In both the application and interview process, questions should reflect only the established job requirements, such as the working hours, job criteria, or the identified essential functions. General questions concerning the applicant’s age, marital status, physical health, religion or ethnic background should be avoided unless the subject matter of the question can be established as a necessary qualification.

Specific questions concerning an applicant’s ability to do a particular function should be posed only after an initial offer of employment is made, and, then the employer must be prepared to accommodate any disability, religious need, or other limitation. The overriding duty to accommodate such limitations is lifted only if the employer can prove that the accommodation would cause the company “undue hardship.”

Employers Need to Prepare Hiring Procedures & Policies Well in Advance of Placing a Want-Ad.

On the other side of the picture, employers should ask and verify several items in the application process. Many states require criminal record verification of employees. Although the process may be costly and impose additional paperwork, employers who have people in positions of confidence, or going into clients’ homes, or employees who must be bonded likely need to obtain this information. The business necessity in such cases is demonstrated by the criminal case example of the home health aide. Any request for criminal convictions information should be accompanied by a statement that a record will no necessarily bar employment and that factors such as the seriousness and nature of the crime, along with the time of the offense will be considered and evaluated.

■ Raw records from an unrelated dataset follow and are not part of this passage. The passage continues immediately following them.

(* Let $D_1, D_2, D_3$ be pairwise disjoint finite sets with $|D_1|=|D_2|=|D_3|=n$, and let $S=\{p_1,\dots,p_d\}$ be a set of $d \ge n$ distinct points of $D_1\times D_2\times D_3$. Let $m$ be an integer with $3 \le m \le 3n$. Construct the table $\mathcal{T}$ described in the context. Then there exists $S' \subseteq S$ with $|S'|=n$ such that no two points of $S'$ share a coordinate on any dimension (i.e., 3-dimensional matching on $S$ answers ``yes'') if and only if there is a $3$-diverse generalization of $\mathcal{T}$ with exactly $3n(d-1)$ stars.
   Context: Generalization and diversity: a microdata table is a multiset of tuples over categorical quasi-identifier (QI) attributes $A_1,\dots,A_d$ and a sensitive attribute (SA) $B$. A set $S$ of tuples is $l$-eligible if at most $|S|/l$ of its tuples share any identical SA value. A partition of the table into QI-groups defines a generalization: in each group, an attribute $A_i$ keeps its value if all tuples of the group agree on it, otherwise every tuple's $A_i$ value in that group is replaced by a star; SA values are kept. The generalization is $l$-diverse if every QI-group is $l$-eligible. Construction of $\mathcal{T}$: enumerate $D_1=\{v_1,\dots,v_n\}$, $D_2=\{v_{n+1},\dots,v_{2n}\}$, $D_3=\{v_{2n+1},\dots,v_{3n}\}$. For $j \in [1,3n]$ define an integer $u_j$: $u_j=j$ if $j \le m-2$; for $j \ge m-1$: if $m-1>2n$, $u_j=m-1$ for $j\in[m-1,3n-1]$ and $u_{3n}=m$; if $2n \ge m-1 > n$, $u_j=m-1$ for $j \in [m-1,2n]$ and $u_j=m$ for $j\in[2n+1,3n]$; if $n \ge m-1$, $u_j=m-2$ for $j\in[m-1,n]$, $u_j=m-1$ for $j\in[n+1,2n]$, $u_j=m$ for $j \in [2n+1,3n]$. The table $\mathcal{T}$ has QI attributes $A_1,\dots,A_d$ (with $A_i$ corresponding to $p_i$), SA $B$, and $3n$ rows $t_1,\dots,t_{3n}$, where $t_j[B]=u_j$ and, for each $i\in[1,d]$, $t_j[A_i]=0$ if $v_j$ is a coordinate of $p_i$, and $t_j[A_i]=u_j$ otherwise. *)

theory Defs
  imports Main "HOL-Library.Disjoint_Sets"
begin

text \<open>The SA value u_j of row j (rows indexed 1..3n) in the construction of table T.\<close>
definition u_val :: "nat \<Rightarrow> nat \<Rightarrow> nat \<Rightarrow> nat" where
  "u_val n m j =
     (if j \<le> m - 2 then j
      else if m - 1 > 2 * n then (if j \<le> 3 * n - 1 then m - 1 else m)
      else if m - 1 > n then (if j \<le> 2 * n then m - 1 else m)
      else (if j \<le> n then m - 2 else if j \<le> 2 * n then m - 1 else m))"

definition is_coord :: "'a \<Rightarrow> 'a \<times> 'a \<times> 'a \<Rightarrow> bool" where
  "is_coord x p = (x = fst p \<or> x = fst (snd p) \<or> x = snd (snd p))"

text \<open>QI value t_j[A_i] of table T, given the enumeration v of D1 u D2 u D3 and p of S.\<close>
definition T_qi :: "nat \<Rightarrow> nat \<Rightarrow> (nat \<Rightarrow> 'a) \<Rightarrow> (nat \<Rightarrow> 'a \<times> 'a \<times> 'a) \<Rightarrow> nat \<Rightarrow> nat \<Rightarrow> nat" where
  "T_qi n m v p j i = (if is_coord (v j) (p i) then 0 else u_val n m j)"

definition l_eligible :: "nat \<Rightarrow> (nat \<Rightarrow> nat) \<Rightarrow> nat set \<Rightarrow> bool" where
  "l_eligible l sa G = (\<forall>b. l * card {j \<in> G. sa j = b} \<le> card G)"

definition l_diverse :: "nat \<Rightarrow> (nat \<Rightarrow> nat) \<Rightarrow> nat set set \<Rightarrow> bool" where
  "l_diverse l sa P = (\<forall>G \<in> P. l_eligible l sa G)"

text \<open>Number of stars in the generalization given by partition P, QI columns 1..d:
  in a group G, attribute i is starred in all |G| tuples iff the tuples of G disagree on it.\<close>
definition num_stars :: "(nat \<Rightarrow> nat \<Rightarrow> nat) \<Rightarrow> nat \<Rightarrow> nat set set \<Rightarrow> nat" where
  "num_stars qi d P =
     (\<Sum>G\<in>P. \<Sum>i\<in>{1..d}. if (\<forall>j\<in>G. \<forall>k\<in>G. qi j i = qi k i) then 0 else card G)"

definition has_3dm :: "('a \<times> 'a \<times> 'a) set \<Rightarrow> nat \<Rightarrow> bool" where
  "has_3dm S n = (\<exists>S' \<subseteq> S. card S' = n \<and>
     (\<forall>x\<in>S'. \<forall>y\<in>S'. x \<noteq> y \<longrightarrow>
        fst x \<noteq> fst y \<and> fst (snd x) \<noteq> fst (snd y) \<and> snd (snd x) \<noteq> snd (snd y)))"

end

theory Submission
  imports Defs
begin

text \<open>
  Row j of the table stands for the element v j, and column i vanishes exactly on the three
  rows of the coordinates of p i; every other entry of row j equals its SA value u j, and u takes
  distinct values on the three blocks of rows. A 3-eligible group has at least three rows, and if
  it agrees on column i it must be the coordinate triple of p i: a nonzero common value would give
  all its rows the same SA value. Hence every group of a 3-diverse partition agrees on at most
  one column, and on one only if it is the triple of a point of S, so the number of stars is
  3nd - 3k where k counts such triples among the groups. The count 3n(d-1) means k = n, i.e.
  the partition consists of n pairwise disjoint coordinate triples: a 3-dimensional matching.
\<close>

lemma l_eligible_card_ge:
  assumes "finite G" "G \<noteq> {}" "l_eligible l sa G"
  shows "l \<le> card G"
proof -
  obtain j where "j \<in> G"
    using assms(2) by blast
  then have "0 < card {k \<in> G. sa k = sa j}"
    using assms(1) by (auto simp: card_gt_0_iff)
  then have "l \<le> l * card {k \<in> G. sa k = sa j}"
    by simp
  also have "\<dots> \<le> card G"
    using assms(3) by (simp add: l_eligible_def)
  finally show ?thesis .
qed

lemma not_l_eligible_if_constant:
  assumes "finite G" "G \<noteq> {}" "1 < l" "\<forall>j\<in>G. sa j = b"
  shows "\<not> l_eligible l sa G"
proof
  assume "l_eligible l sa G"
  moreover have "{j \<in> G. sa j = b} = G"
    using assms(4) by auto
  ultimately have "l * card G \<le> 1 * card G"
    unfolding l_eligible_def by (metis mult_1)
  moreover have "0 < card G"
    using assms(1,2) by (simp add: card_gt_0_iff)
  ultimately show False
    using assms(3) by simp
qed

lemma l_eligible_if_inj_on:
  assumes "inj_on sa G" "l \<le> card G"
  shows "l_eligible l sa G"
  unfolding l_eligible_def
proof
  fix b
  have "card {j \<in> G. sa j = b} \<le> 1"
    using assms(1) by (cases "finite {j \<in> G. sa j = b}") (auto simp: card_le_Suc0_iff_eq dest: inj_onD)
  then have "l * card {j \<in> G. sa j = b} \<le> l"
    by (metis mult_le_mono2 nat_mult_1_right)
  then show "l * card {j \<in> G. sa j = b} \<le> card G"
    using assms(2) by (rule order.trans)
qed

definition qi_agrees :: "(nat \<Rightarrow> nat \<Rightarrow> nat) \<Rightarrow> nat set \<Rightarrow> nat \<Rightarrow> bool" where
  "qi_agrees qi G i \<longleftrightarrow> (\<forall>j\<in>G. \<forall>k\<in>G. qi j i = qi k i)"

lemma num_stars_plus_agreements:
  "num_stars qi d P + (\<Sum>G\<in>P. card G * card {i \<in> {1..d}. qi_agrees qi G i}) = (\<Sum>G\<in>P. card G) * d"
proof -
  have "(\<Sum>i\<in>{1..d}. if qi_agrees qi G i then 0 else card G) + card G * card {i \<in> {1..d}. qi_agrees qi G i}
        = card G * d" for G
  proof -
    have "card G * card {i \<in> {1..d}. qi_agrees qi G i} = (\<Sum>i\<in>{1..d}. if qi_agrees qi G i then card G else 0)"
      by (simp add: sum.inter_filter[symmetric])
    then show ?thesis
      by (simp add: sum.distrib[symmetric] if_distrib[of "\<lambda>x. x + _"] cong: if_cong)
  qed
  then show ?thesis
    unfolding num_stars_def qi_agrees_def[symmetric] by (simp add: sum.distrib[symmetric] sum_distrib_right)
qed

lemma card_Union_disjoint_const:
  assumes "disjoint Q" "finite (\<Union>Q)" "\<forall>G\<in>Q. card G = k"
  shows "card (\<Union>Q) = k * card Q"
proof -
  have "card (\<Union>Q) = (\<Sum>G\<in>Q. card G)"
    using assms(1,2) by (intro card_Union_disjoint) (auto intro: finite_subset)
  then show ?thesis
    using assms(3) by simp
qed

lemma u_val_eq_imp_same_block:
  assumes "3 \<le> m" "m \<le> 3 * n" "j \<in> {1..3*n}" "k \<in> {1..3*n}" "u_val n m j = u_val n m k"
  shows "(j \<le> n \<longleftrightarrow> k \<le> n) \<and> (j \<le> 2 * n \<longleftrightarrow> k \<le> 2 * n)"
  using assms unfolding u_val_def by (auto split: if_splits)

lemma u_val_pos: "3 \<le> m \<Longrightarrow> 1 \<le> j \<Longrightarrow> 0 < u_val n m j"
  unfolding u_val_def by auto

definition coord_set :: "'a \<times> 'a \<times> 'a \<Rightarrow> 'a set" where
  "coord_set x = {fst x, fst (snd x), snd (snd x)}"

lemma is_coord_iff_mem_coord_set: "is_coord a x \<longleftrightarrow> a \<in> coord_set x"
  by (simp add: is_coord_def coord_set_def)

context
  fixes D1 D2 D3 :: "'a set"
  assumes disj: "D1 \<inter> D2 = {}" "D1 \<inter> D3 = {}" "D2 \<inter> D3 = {}"
begin

lemma coord_set_Int:
  assumes "x \<in> D1 \<times> D2 \<times> D3"
  shows "coord_set x \<inter> D1 = {fst x}" "coord_set x \<inter> D2 = {fst (snd x)}"
    "coord_set x \<inter> D3 = {snd (snd x)}"
  using assms disj by (auto simp: coord_set_def)

lemma card_coord_set: "x \<in> D1 \<times> D2 \<times> D3 \<Longrightarrow> card (coord_set x) = 3"
  using disj by (auto simp: coord_set_def card_insert_if)

lemma coord_set_disjoint_iff:
  assumes "x \<in> D1 \<times> D2 \<times> D3" "y \<in> D1 \<times> D2 \<times> D3"
  shows "coord_set x \<inter> coord_set y = {} \<longleftrightarrow>
    fst x \<noteq> fst y \<and> fst (snd x) \<noteq> fst (snd y) \<and> snd (snd x) \<noteq> snd (snd y)"
  using assms disj by (auto simp: coord_set_def)

lemma inj_on_coord_set: "inj_on coord_set (D1 \<times> D2 \<times> D3)"
proof (rule inj_onI)
  fix x y assume x: "x \<in> D1 \<times> D2 \<times> D3" and y: "y \<in> D1 \<times> D2 \<times> D3"
    and eq: "coord_set x = coord_set y"
  have "{fst x} = {fst y}" "{fst (snd x)} = {fst (snd y)}" "{snd (snd x)} = {snd (snd y)}"
    using coord_set_Int[OF x] coord_set_Int[OF y] eq by simp_all
  then show "x = y"
    by (simp add: prod_eq_iff)
qed

end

Also, there are several screening procedures that employers can and should conduct. First, employers should conduct reference checks and ask applicants for an explanation of any “unemployed” time. Second, applications and any subsequent employment questionnaires should establish an enforceable policy that any false information is not only grounds for disqualification for a position, but, also cause for discharge if discovered after a hiring. Also, employers can require verification of basic information, perhaps with a drivers license or professional license or certification, or a follow-up telephone call. Finally, companies should establish a procedure checking list to assure that each of these procedures are followed, and, include this information in the applicant’s file.

In the end, to avoid legal liabilities in the screening and hiring of employees, it has become very important for employers to prepare hiring procedures and policies well in advance of placing the want-ad. It is certainly more costly in time, and in money, to face a lawsuit down the road either from some disgruntled applicant who did not get hired, or from a client injured in some way by the one who did.